When you reach the line containing "by (simp add: cong_def algebra_simps)" in the data below, begin returning lines exactly as written, and stop once the line containing "b) mod gm n +" has been returned.

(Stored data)
────────
(* Let $n\ge 3$ and let $P(G(n))$ be the power graph of the gyrogroup $G(n)$ (defined in the context), with identity $e=0$. Then: (1) the detour eccentricity satisfies $ec_D(u)=2^{n-1}$ if $u\in P(n)\setminus\{e\}$, $ec_D(e)=2^{n-1}-1$, and $ec_D(u)=2^{n-1}$ if $u\in H(n)$; (2) $rad_D(P(G(n)))=2^{n-1}-1$; (3) $dia_D(P(G(n)))=2^{n-1}$.
   Context: Let $n\ge 3$ be an integer and $m=2^{n-1}$. Let $P(n)=\{0,1,\dots,m-1\}$, $H(n)=\{m,m+1,\dots,2^n-1\}$ and $G(n)=P(n)\cup H(n)$. For $i,j\in G(n)$ let $t,s,k\in P(n)$ be the residues modulo $m$ (taken in $\{0,\dots,m-1\}$) of $i+j$, $i+(\frac m2-1)j$ and $(\frac m2+1)i+(\frac m2-1)j$, respectively, and define $i\oplus j=t$ if $i,j\in P(n)$; $i\oplus j=t+m$ if $i\in P(n),j\in H(n)$; $i\oplus j=s+m$ if $i\in H(n),j\in P(n)$; $i\oplus j=k$ if $i,j\in H(n)$. Then $(G(n),\oplus)$ is a gyrogroup with identity $e=0$. Powers are defined by $a^1=a$, $a^{k+1}=a^k\oplus a$. The power graph $P(G(n))$ is the simple undirected graph with vertex set $G(n)$ in which distinct vertices $u,v$ are adjacent if and only if $u^k=v$ or $v^k=u$ for some positive integer $k$. In a connected graph, the detour distance $d_D(u,v)$ is the length of a longest $u$–$v$ path; the detour eccentricity $ec_D(u)$ is $\max_v d_D(u,v)$; the detour radius $rad_D$ and detour diameter $dia_D$ are the minimum and maximum detour eccentricities over all vertices. *)

theory Defs
  imports Main
begin

definition gm :: "nat \<Rightarrow> nat" where
  "gm n = 2 ^ (n - 1)"

definition Pn :: "nat \<Rightarrow> nat set" where
  "Pn n = {0..<gm n}"

definition Hn :: "nat \<Rightarrow> nat set" where
  "Hn n = {gm n..<2 ^ n}"

definition Gn :: "nat \<Rightarrow> nat set" where
  "Gn n = Pn n \<union> Hn n"

definition gop :: "nat \<Rightarrow> nat \<Rightarrow> nat \<Rightarrow> nat" where
  "gop n i j =
     (let m = gm n;
          t = (i + j) mod m;
          s = (i + (m div 2 - 1) * j) mod m;
          k = ((m div 2 + 1) * i + (m div 2 - 1) * j) mod m
      in if i \<in> Pn n \<and> j \<in> Pn n then t
         else if i \<in> Pn n \<and> j \<in> Hn n then t + m
         else if i \<in> Hn n \<and> j \<in> Pn n then s + m
         else k)"

text \<open>Powers: a^1 = a, a^(k+1) = a^k \<oplus> a (the value at 0 is irrelevant; only positive powers are used).\<close>
fun gpow :: "nat \<Rightarrow> nat \<Rightarrow> nat \<Rightarrow> nat" where
  "gpow n a 0 = 0"
| "gpow n a (Suc 0) = a"
| "gpow n a (Suc (Suc k)) = gop n (gpow n a (Suc k)) a"

definition padj :: "nat \<Rightarrow> nat \<Rightarrow> nat \<Rightarrow> bool" where
  "padj n u v \<longleftrightarrow> u \<in> Gn n \<and> v \<in> Gn n \<and> u \<noteq> v \<and>
     ((\<exists>k>0. gpow n u k = v) \<or> (\<exists>k>0. gpow n v k = u))"

definition ppath :: "nat \<Rightarrow> nat \<Rightarrow> nat \<Rightarrow> nat list \<Rightarrow> bool" where
  "ppath n u v p \<longleftrightarrow> p \<noteq> [] \<and> hd p = u \<and> last p = v \<and> distinct p \<and>
     set p \<subseteq> Gn n \<and> (\<forall>i. Suc i < length p \<longrightarrow> padj n (p ! i) (p ! Suc i))"

definition detour_dist :: "nat \<Rightarrow> nat \<Rightarrow> nat \<Rightarrow> nat" where
  "detour_dist n u v = Max {length p - 1 | p. ppath n u v p}"

definition detour_ecc :: "nat \<Rightarrow> nat \<Rightarrow> nat" where
  "detour_ecc n u = Max ((\<lambda>v. detour_dist n u v) ` Gn n)"

definition detour_rad :: "nat \<Rightarrow> nat" where
  "detour_rad n = Min ((\<lambda>u. detour_ecc n u) ` Gn n)"

definition detour_dia :: "nat \<Rightarrow> nat" where
  "detour_dia n = Max ((\<lambda>u. detour_ecc n u) ` Gn n)"

end

theory Submission
  imports Defs "HOL-Number_Theory.Cong"
begin

text \<open>
  P(n) is the cyclic group of order m = 2^(n-1). Its subgroups form a chain, so of any two
  elements of P(n) one is a multiple of the other: P(n) spans a complete graph. Each h in H(n)
  satisfies h \<oplus> h = e, so its only powers are h and e and h is a pendant vertex hanging at e.
  A pendant vertex can only be an end of a path, and a path with pendant vertices at both ends
  has at most three vertices. Hence a path has at most m + 1 vertices, and at most m if it
  starts at e. A Hamiltonian path of P(n), possibly prolonged by pendant vertices, attains these
  bounds from every vertex, and every pair of vertices is joined through e.
\<close>

lemma successively_if_distinct:
  "distinct p \<Longrightarrow> (\<And>x y. x \<in> set p \<Longrightarrow> y \<in> set p \<Longrightarrow> x \<noteq> y \<Longrightarrow> R x y) \<Longrightarrow>
    successively R p"
  by (induction p rule: induct_list012) auto

lemma pendant_in_path_at_end:
  assumes "distinct p" and "successively R p" and "x \<in> set p"
    and pendant: "\<And>y. R x y \<Longrightarrow> y = z" "\<And>y. R y x \<Longrightarrow> y = z"
  shows "x = hd p \<or> x = last p"
proof (rule ccontr)
  obtain i where i: "i < length p" "p ! i = x"
    using assms(3) by (meson in_set_conv_nth)
  then have ne: "p \<noteq> []"
    by auto
  assume "\<not> (x = hd p \<or> x = last p)"
  then have "i \<noteq> 0" and "i \<noteq> length p - 1"
    using i hd_conv_nth[OF ne] last_conv_nth[OF ne] by metis+
  then have "p ! (i - 1) = z" and "p ! Suc i = z"
    using successively_nth[OF assms(2), of "i - 1"] successively_nth[OF assms(2), of i] i pendant
    by simp_all
  then have "i - 1 = Suc i"
    using nth_eq_iff_index_eq[OF assms(1), of "i - 1" "Suc i"] i \<open>i \<noteq> length p - 1\<close> by simp
  then show False
    by simp
qed

lemma path_between_pendants_length:
  assumes "distinct p" and "successively R p"
    and "\<And>y. R (hd p) y \<Longrightarrow> y = z" and "\<And>y. R y (last p) \<Longrightarrow> y = z"
  shows "length p \<le> 3"
proof (rule ccontr)
  assume long: "\<not> length p \<le> 3"
  then have ne: "p \<noteq> []"
    by auto
  have "R (hd p) (p ! 1)"
    using successively_nth[OF assms(2), of 0] long by (simp add: hd_conv_nth[OF ne])
  moreover have "R (p ! (length p - 2)) (last p)"
    using successively_nth[OF assms(2), of "length p - 2"] long
    by (simp add: last_conv_nth[OF ne] Suc_diff_Suc numeral_2_eq_2)
  ultimately have "p ! 1 = p ! (length p - 2)"
    using assms(3,4) by simp
  then show False
    using assms(1) long by (simp add: nth_eq_iff_index_eq)
qed

lemma path_from_neighbour_of_pendant_length:
  assumes "distinct p" and "successively R p"
    and "hd p = z" and "\<And>y. R y (last p) \<Longrightarrow> y = z"
  shows "length p \<le> 2"
proof (rule ccontr)
  assume long: "\<not> length p \<le> 2"
  then have ne: "p \<noteq> []"
    by auto
  have "R (p ! (length p - 2)) (last p)"
    using successively_nth[OF assms(2), of "length p - 2"] long
    by (simp add: last_conv_nth[OF ne] Suc_diff_Suc numeral_2_eq_2)
  then have "p ! 0 = p ! (length p - 2)"
    using assms(3,4) long by (simp add: hd_conv_nth[OF ne])
  moreover have "0 < length p" and "length p - 2 < length p"
    using ne by simp_all
  ultimately have "0 = length p - 2"
    using nth_eq_iff_index_eq[OF assms(1)] by blast
  then show False
    using long by simp
qed

lemma distinct_length_le_card:
  "distinct p \<Longrightarrow> set p \<subseteq> A \<Longrightarrow> finite A \<Longrightarrow> length p \<le> card A"
  by (metis card_mono distinct_card)

lemma exists_pos_multiple_mod:
  fixes u v m :: nat
  assumes "0 < m" and "gcd u m dvd v"
  shows "\<exists>k>0. (k * u) mod m = v mod m"
proof -
  obtain x where "[u * x = v] (mod m)"
    using cong_solve_dvd_nat[OF assms(2)] by blast
  then have "((x + m) * u) mod m = v mod m"
    by (simp add: cong_def algebra_simps)
  then show ?thesis
    using assms(1) by (intro exI[of _ "x + m"]) simp
qed

lemma gcd_prime_power_dvd_linear:
  fixes p :: nat
  assumes "prime p"
  shows "gcd u (p ^ e) dvd gcd v (p ^ e) \<or> gcd v (p ^ e) dvd gcd u (p ^ e)"
proof -
  obtain i j where "gcd u (p ^ e) = p ^ i" and "gcd v (p ^ e) = p ^ j"
    using divides_primepow_nat[OF assms] by (meson gcd_dvd2)
  then show ?thesis
    by (cases "i \<le> j") (simp_all add: le_imp_power_dvd)
qed

lemma gm_pos: "0 < gm n"
  by (simp add: gm_def)

lemma gm_ge_2: "2 \<le> n \<Longrightarrow> 2 \<le> gm n"
  unfolding gm_def by (cases "n - 1") auto

lemma two_pow_eq_2_gm: "1 \<le> n \<Longrightarrow> (2::nat) ^ n = 2 * gm n"
  unfolding gm_def by (cases n) auto

lemma zero_in_Pn: "0 \<in> Pn n"
  by (simp add: Pn_def gm_pos)

lemma mod_gm_in_Pn: "x mod gm n \<in> Pn n"
  by (simp add: Pn_def gm_pos)

lemma gm_in_Hn: "1 \<le> n \<Longrightarrow> gm n \<in> Hn n"
  by (cases n) (auto simp: Hn_def gm_def)

lemma Hn_not_Pn: "h \<in> Hn n \<Longrightarrow> h \<notin> Pn n"
  by (simp add: Pn_def Hn_def)

lemma card_Pn: "card (Pn n) = gm n"
  by (simp add: Pn_def)

lemma finite_Gn: "finite (Gn n)"
  by (simp add: Gn_def Pn_def Hn_def)

lemma Hn_mod_gm_plus_gm: "1 \<le> n \<Longrightarrow> h \<in> Hn n \<Longrightarrow> h mod gm n + gm n = h"
  by (auto simp: Hn_def two_pow_eq_2_gm le_mod_geq)

lemma gop_Pn_Pn: "a \<in> Pn n \<Longrightarrow> b \<in> Pn n \<Longrightarrow> gop n a b = (a + b) mod gm n"
  unfolding gop_def Let_def by simp

lemma gop_Pn_Hn:
  "a \<in> Pn n \<Longrightarrow> b \<in> Hn n \<Longrightarrow> gop n a b = (a + b) mod gm n + gm n"
  unfolding gop_def Let_def by (simp add: Hn_not_Pn)

lemma gop_Hn_Hn:
  "a \<in> Hn n \<Longrightarrow> b \<in> Hn n \<Longrightarrow>
    gop n a b = ((gm n div 2 + 1) * a + (gm n div 2 - 1) * b) mod gm n"
  unfolding gop_def Let_def by (simp add: Hn_not_Pn)

lemma gop_zero_Hn: "1 \<le> n \<Longrightarrow> h \<in> Hn n \<Longrightarrow> gop n 0 h = h"
  by (simp add: gop_Pn_Hn zero_in_Pn Hn_mod_gm_plus_gm)

lemma gop_Hn_self:
  assumes "2 \<le> n" and h: "h \<in> Hn n"
  shows "gop n h h = 0"
proof -
  obtain j where "n = 2 + j"
    using le_Suc_ex[OF assms(1)] by blast
  then have m: "gm n = 2 * 2 ^ j"
    by (simp add: gm_def)
  have "(2 ^ j + 1) + (2 ^ j - 1) = 2 * (2::nat) ^ j"
    using one_le_power[of "2::nat" j] by linarith
  then have "(gm n div 2 + 1) * h + (gm n div 2 - 1) * h = gm n * h"
    unfolding m by (metis add_mult_distrib nonzero_mult_div_cancel_left zero_neq_numeral)
  then show ?thesis
    by (simp only: gop_Hn_Hn[OF h h] mod_mult_self1_is_0)
qed

lemma gpow_Pn:
  assumes a: "a \<in> Pn n"
  shows "gpow n a (Suc k) = (Suc k * a) mod gm n"
proof (induction k)
  case 0
  then show ?case
    using a by (simp add: Pn_def)
next
  case (Suc k)
  have "gpow n a (Suc (Suc k)) = ((Suc k * a) mod gm n + a) mod gm n"
    using Suc a by (simp add: gop_Pn_Pn mod_gm_in_Pn)
  also have "\<dots> = (Suc k * a + a) mod gm n"
    by (rule mod_add_left_eq)
  finally show ?case
    by (simp add: add.commute)
qed

lemma gpow_Hn:
  assumes "2 \<le> n" and h: "h \<in> Hn n"
  shows "gpow n h (Suc k) = (if even k then h else 0)"
  by (induction k) (use assms in \<open>auto simp: gop_Hn_self gop_zero_Hn\<close>)

lemma gpow_Pn_in_Pn: "a \<in> Pn n \<Longrightarrow> 0 < k \<Longrightarrow> gpow n a k \<in> Pn n"
  by (cases k) (auto simp: gpow_Pn mod_gm_in_Pn)

lemma Pn_power_comparable:
  assumes u: "u \<in> Pn n" and v: "v \<in> Pn n"
  shows "(\<exists>k>0. gpow n u k = v) \<or> (\<exists>k>0. gpow n v k = u)"
proof -
  have reach: "\<exists>k>0. gpow n a k = b" if a: "a \<in> Pn n" and b: "b \<in> Pn n"
    and dvd: "gcd a (gm n) dvd gcd b (gm n)" for a b
  proof -
    obtain k where k: "0 < k" and "(k * a) mod gm n = b mod gm n"
      using exists_pos_multiple_mod[OF gm_pos dvd_trans[OF dvd gcd_dvd1]] by blast
    moreover have "gpow n a k = (k * a) mod gm n"
      using gpow_Pn[OF a, of "k - 1"] k by simp
    ultimately show ?thesis
      using b by (auto simp: Pn_def)
  qed
  have "gcd u (gm n) dvd gcd v (gm n) \<or> gcd v (gm n) dvd gcd u (gm n)"
    unfolding gm_def by (rule gcd_prime_power_dvd_linear[OF two_is_prime_nat])
  then show ?thesis
    using reach[OF u v] reach[OF v u] by blast
qed

lemma Pn_subset_Gn: "Pn n \<subseteq> Gn n" and Hn_subset_Gn: "Hn n \<subseteq> Gn n"
  by (auto simp: Gn_def)

lemma zero_in_Gn: "0 \<in> Gn n"
  using zero_in_Pn Pn_subset_Gn by blast

lemma padj_commute: "padj n u v \<longleftrightarrow> padj n v u"
  by (auto simp: padj_def)

lemma distinct_power_cases:
  assumes "2 \<le> n" and u: "u \<in> Gn n" and "0 < k" and "gpow n u k = v" and "u \<noteq> v"
  shows "(u \<in> Pn n \<and> v \<in> Pn n) \<or> (u \<in> Hn n \<and> v = 0)"
proof (cases "u \<in> Pn n")
  case True
  then show ?thesis
    using gpow_Pn_in_Pn assms by blast
next
  case False
  then have "u \<in> Hn n"
    using u by (simp add: Gn_def)
  moreover obtain j where "k = Suc j"
    using \<open>0 < k\<close> gr0_implies_Suc by blast
  ultimately show ?thesis
    using gpow_Hn assms by (metis (full_types))
qed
────────
Final answer
    by (simp add: cong_def algebra_simps)
  then show ?thesis
    using assms(1) by (intro exI[of _ "x + m"]) simp
qed

lemma gcd_prime_power_dvd_linear:
  fixes p :: nat
  assumes "prime p"
  shows "gcd u (p ^ e) dvd gcd v (p ^ e) \<or> gcd v (p ^ e) dvd gcd u (p ^ e)"
proof -
  obtain i j where "gcd u (p ^ e) = p ^ i" and "gcd v (p ^ e) = p ^ j"
    using divides_primepow_nat[OF assms] by (meson gcd_dvd2)
  then show ?thesis
    by (cases "i \<le> j") (simp_all add: le_imp_power_dvd)
qed

lemma gm_pos: "0 < gm n"
  by (simp add: gm_def)

lemma gm_ge_2: "2 \<le> n \<Longrightarrow> 2 \<le> gm n"
  unfolding gm_def by (cases "n - 1") auto

lemma two_pow_eq_2_gm: "1 \<le> n \<Longrightarrow> (2::nat) ^ n = 2 * gm n"
  unfolding gm_def by (cases n) auto

lemma zero_in_Pn: "0 \<in> Pn n"
  by (simp add: Pn_def gm_pos)

lemma mod_gm_in_Pn: "x mod gm n \<in> Pn n"
  by (simp add: Pn_def gm_pos)

lemma gm_in_Hn: "1 \<le> n \<Longrightarrow> gm n \<in> Hn n"
  by (cases n) (auto simp: Hn_def gm_def)

lemma Hn_not_Pn: "h \<in> Hn n \<Longrightarrow> h \<notin> Pn n"
  by (simp add: Pn_def Hn_def)

lemma card_Pn: "card (Pn n) = gm n"
  by (simp add: Pn_def)

lemma finite_Gn: "finite (Gn n)"
  by (simp add: Gn_def Pn_def Hn_def)

lemma Hn_mod_gm_plus_gm: "1 \<le> n \<Longrightarrow> h \<in> Hn n \<Longrightarrow> h mod gm n + gm n = h"
  by (auto simp: Hn_def two_pow_eq_2_gm le_mod_geq)

lemma gop_Pn_Pn: "a \<in> Pn n \<Longrightarrow> b \<in> Pn n \<Longrightarrow> gop n a b = (a + b) mod gm n"
  unfolding gop_def Let_def by simp

lemma gop_Pn_Hn:
  "a \<in> Pn n \<Longrightarrow> b \<in> Hn n \<Longrightarrow> gop n a b = (a + b) mod gm n + gm n"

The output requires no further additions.